# [Requirement]
Copy each line of the entries beneath that contains the word "esup".

Source records:
= Beginning of Section =

(* Let $\Omega\subset\mathbb{R}^N$ be a bounded open set and let $p,q:\Omega\to[1,\infty)$ be measurable with $q(x)\le p(x)\le p_+<\infty$ for all $x\in\Omega$. Let $K\subset\Omega$ be compact and suppose $\varphi(t)=|\{x\in\Omega:d_K(x)<t\}|\le C(\ln(e/t))^{1-\sigma}$ for all $t\in(0,1]$, for some $C>0$ and $\sigma>1$. Let $\psi:(e,\infty)\to(0,\infty)$ be such that $\psi(t)/\ln\ln t$ is decreasing and $\lim_{t\to\infty}\psi(t)=\infty$, and assume that for a.e. $x\in\Omega$ we have $0<d_K(x)<1/e$ and $$\frac{1}{p(x)-q(x)}\le\frac{\ln\ln(1/d_K(x))}{\psi(1/d_K(x))}.$$ Then $L^{p(\cdot)}(\Omega)$ is almost-compactly embedded in $L^{q(\cdot)}(\Omega)$.
   Context: $d_K(x)=\operatorname{dist}(x,K)$; $\frac1{p(x)-q(x)}=+\infty$ where $p(x)=q(x)$. For measurable $e:\Omega\to[1,\infty)$, $\|u\|_{e(\cdot)}=\inf\{\lambda>0:\int_\Omega|u(x)/\lambda|^{e(x)}dx\le1\}$ and $L^{e(\cdot)}(\Omega)$ is the set of measurable $u$ with finite norm. Almost-compact embedding: for Banach function spaces $X,Y$ on $\Omega$, $X$ is almost-compactly embedded in $Y$ if for every sequence $\{E_n\}$ of measurable subsets of $\Omega$ with $\chi_{E_n}\to0$ pointwise a.e. one has $\lim_{n\to\infty}\sup_{\|u\|_X\le1}\|u\chi_{E_n}\|_Y=0$. *)

theory Defs
  imports "HOL-Analysis.Analysis"
begin

definition var_modular :: "('a::euclidean_space \<Rightarrow> real) \<Rightarrow> 'a set \<Rightarrow> ('a \<Rightarrow> real) \<Rightarrow> ennreal" where
  "var_modular e \<Omega> u = (\<integral>\<^sup>+ x\<in>\<Omega>. ennreal (\<bar>u x\<bar> powr e x) \<partial>lebesgue)"

text \<open>Luxemburg norm; it is infinite when no admissible lambda exists.\<close>
definition lux_norm :: "('a::euclidean_space \<Rightarrow> real) \<Rightarrow> 'a set \<Rightarrow> ('a \<Rightarrow> real) \<Rightarrow> ereal" where
  "lux_norm e \<Omega> u = Inf {ereal l | l. l > 0 \<and> var_modular e \<Omega> (\<lambda>x. u x / l) \<le> 1}"

definition var_Lp :: "('a::euclidean_space \<Rightarrow> real) \<Rightarrow> 'a set \<Rightarrow> ('a \<Rightarrow> real) set" where
  "var_Lp e \<Omega> = {u. set_borel_measurable lebesgue \<Omega> u \<and> lux_norm e \<Omega> u < \<infinity>}"

definition almost_compact_emb :: "'a::euclidean_space set \<Rightarrow> ('a \<Rightarrow> real) \<Rightarrow> ('a \<Rightarrow> real) \<Rightarrow> bool" where
  "almost_compact_emb \<Omega> p q \<longleftrightarrow>
     (\<forall>E :: nat \<Rightarrow> 'a set.
        (\<forall>n. E n \<in> sets lebesgue \<and> E n \<subseteq> \<Omega>) \<and>
        (AE x in lebesgue. x \<in> \<Omega> \<longrightarrow> (\<lambda>n. indicator (E n) x :: real) \<longlonglongrightarrow> 0)
        \<longrightarrow> (\<lambda>n. SUP u\<in>{u \<in> var_Lp p \<Omega>. lux_norm p \<Omega> u \<le> 1}.
                    lux_norm q \<Omega> (\<lambda>x. u x * indicator (E n) x)) \<longlonglongrightarrow> 0)"

end

theory Submission
  imports Defs
begin

text \<open>Split \<open>|u|\<^bsup>q\<^esup>\<close> at the level \<open>M = B ln(e/d\<^sub>K)\<^sup>\<gamma>\<close>:
  \<open>|u|\<^bsup>q\<^esup> \<le> M\<^bsup>P\<^esup> + M\<^bsup>q-p\<^esup> |u|\<^bsup>p\<^esup>\<close> with \<open>P \<ge> p\<^sub>+\<close>.
  The bound on \<open>1/(p - q)\<close> gives \<open>M\<^bsup>q-p\<^esup> \<le> \<eta>\<close> once \<open>B\<close> is large enough for the given
  \<open>\<eta> > 0\<close>, and the decay of \<open>|{d\<^sub>K < t}|\<close> makes \<open>M\<^bsup>P\<^esup>\<close> integrable as soon as
  \<open>\<gamma>P < \<sigma> - 1\<close>. For \<open>u\<close> in the unit ball of \<open>L\<^bsup>p(\<cdot>)\<^esup>\<close> the \<open>q\<close>-modular of
  \<open>u \<chi>\<^bsub>E\<^sub>n\<^esub>/\<lambda>\<close> is therefore at most \<open>c(\<lambda>) (\<integral>\<^bsub>E\<^sub>n\<^esub> M\<^bsup>P\<^esup> + \<eta>)\<close>,
  and the integral tends to \<open>0\<close> by dominated convergence, uniformly in \<open>u\<close>.\<close>

lemma one_less_ln: "exp 1 < s \<Longrightarrow> 1 < ln (s::real)"
  by (metis exp_gt_zero less_trans ln_exp ln_less_cancel_iff)

lemma one_less_ln_exp_div:
  fixes d :: real
  assumes "0 < d" "d < 1 / exp 1"
  shows "1 < ln (exp 1 / d)"
proof -
  have "exp 1 < 1 / d"
    using assms by (simp add: field_simps)
  then have "1 < ln (1 / d)"
    by (rule one_less_ln)
  moreover have "ln (exp 1 / d) = 1 + ln (1 / d)"
    using assms(1) by (simp add: ln_div)
  ultimately show ?thesis
    by linarith
qed

lemma two_power_powr: "((2::real) ^ j) powr a = (2 powr a) ^ j"
  by (simp add: powr_power powr_realpow[symmetric] powr_powr mult.commute)

lemma exists_dyadic_bracket:
  fixes L :: real
  assumes "1 < L"
  shows "\<exists>k::nat. 2 ^ k < L \<and> L \<le> 2 ^ (k + 1)"
proof -
  obtain n :: nat where "L < 2 ^ n"
    using real_arch_pow[of 2 L] by auto
  then have n: "L \<le> 2 ^ (n + 1)"
    by (meson le_add1 less_imp_le one_le_numeral order.strict_trans2 power_increasing)
  define k where "k = (LEAST n::nat. L \<le> 2 ^ (n + 1))"
  have "L \<le> 2 ^ (k + 1)"
    unfolding k_def using n by (rule LeastI)
  moreover have "2 ^ k < L"
  proof (cases k)
    case 0
    then show ?thesis using assms by simp
  next
    case (Suc m)
    then have "\<not> L \<le> 2 ^ (m + 1)"
      using not_less_Least[of m "\<lambda>n::nat. L \<le> 2 ^ (n + 1)"] unfolding k_def by auto
    then show ?thesis using Suc by simp
  qed
  ultimately show ?thesis by blast
qed

lemma ln_exp_div_powr_le_dyadic:
  fixes d \<beta> :: real
  assumes "0 < d" "d < 1 / exp 1" "0 \<le> \<beta>"
  shows "\<exists>k::nat. d < exp (1 - 2 ^ k) \<and> ln (exp 1 / d) powr \<beta> \<le> (2 powr \<beta>) ^ (k + 1)"
proof -
  have ln_eq: "ln (exp 1 / d) = 1 - ln d"
    using assms by (simp add: ln_div)
  have gt1: "1 < ln (exp 1 / d)"
    using assms(1,2) by (rule one_less_ln_exp_div)
  obtain k where k: "2 ^ k < ln (exp 1 / d)" "ln (exp 1 / d) \<le> 2 ^ (k + 1)"
    using exists_dyadic_bracket[OF gt1] by blast
  have "ln d < 1 - 2 ^ k"
    using k(1) ln_eq by simp
  then have "d < exp (1 - 2 ^ k)"
    using assms(1) by (metis exp_less_cancel_iff exp_ln)
  moreover have "ln (exp 1 / d) powr \<beta> \<le> (2 ^ (k + 1)) powr \<beta>"
    using gt1 k(2) assms(3) by (intro powr_mono2) auto
  ultimately show ?thesis
    unfolding two_power_powr by blast
qed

= End of Section =

# [Task response]
text \<open>Split \<open>|u|\<^bsup>q\<^esup>\<close> at the level \<open>M = B ln(e/d\<^sub>K)\<^sup>\<gamma>\<close>:
  \<open>|u|\<^bsup>q\<^esup> \<le> M\<^bsup>P\<^esup> + M\<^bsup>q-p\<^esup> |u|\<^bsup>p\<^esup>\<close> with \<open>P \<ge> p\<^sub>+\<close>.
  The bound on \<open>1/(p - q)\<close> gives \<open>M\<^bsup>q-p\<^esup> \<le> \<eta>\<close> once \<open>B\<close> is large enough for the given
  \<open>\<eta> > 0\<close>, and the decay of \<open>|{d\<^sub>K < t}|\<close> makes \<open>M\<^bsup>P\<^esup>\<close> integrable as soon as
  \<open>\<gamma>P < \<sigma> - 1\<close>. For \<open>u\<close> in the unit ball of \<open>L\<^bsup>p(\<cdot>)\<^esup>\<close> the \<open>q\<close>-modular of
  \<open>u \<chi>\<^bsub>E\<^sub>n\<^esub>/\<lambda>\<close> is therefore at most \<open>c(\<lambda>) (\<integral>\<^bsub>E\<^sub>n\<^esub> M\<^bsup>P\<^esup> + \<eta>)\<close>,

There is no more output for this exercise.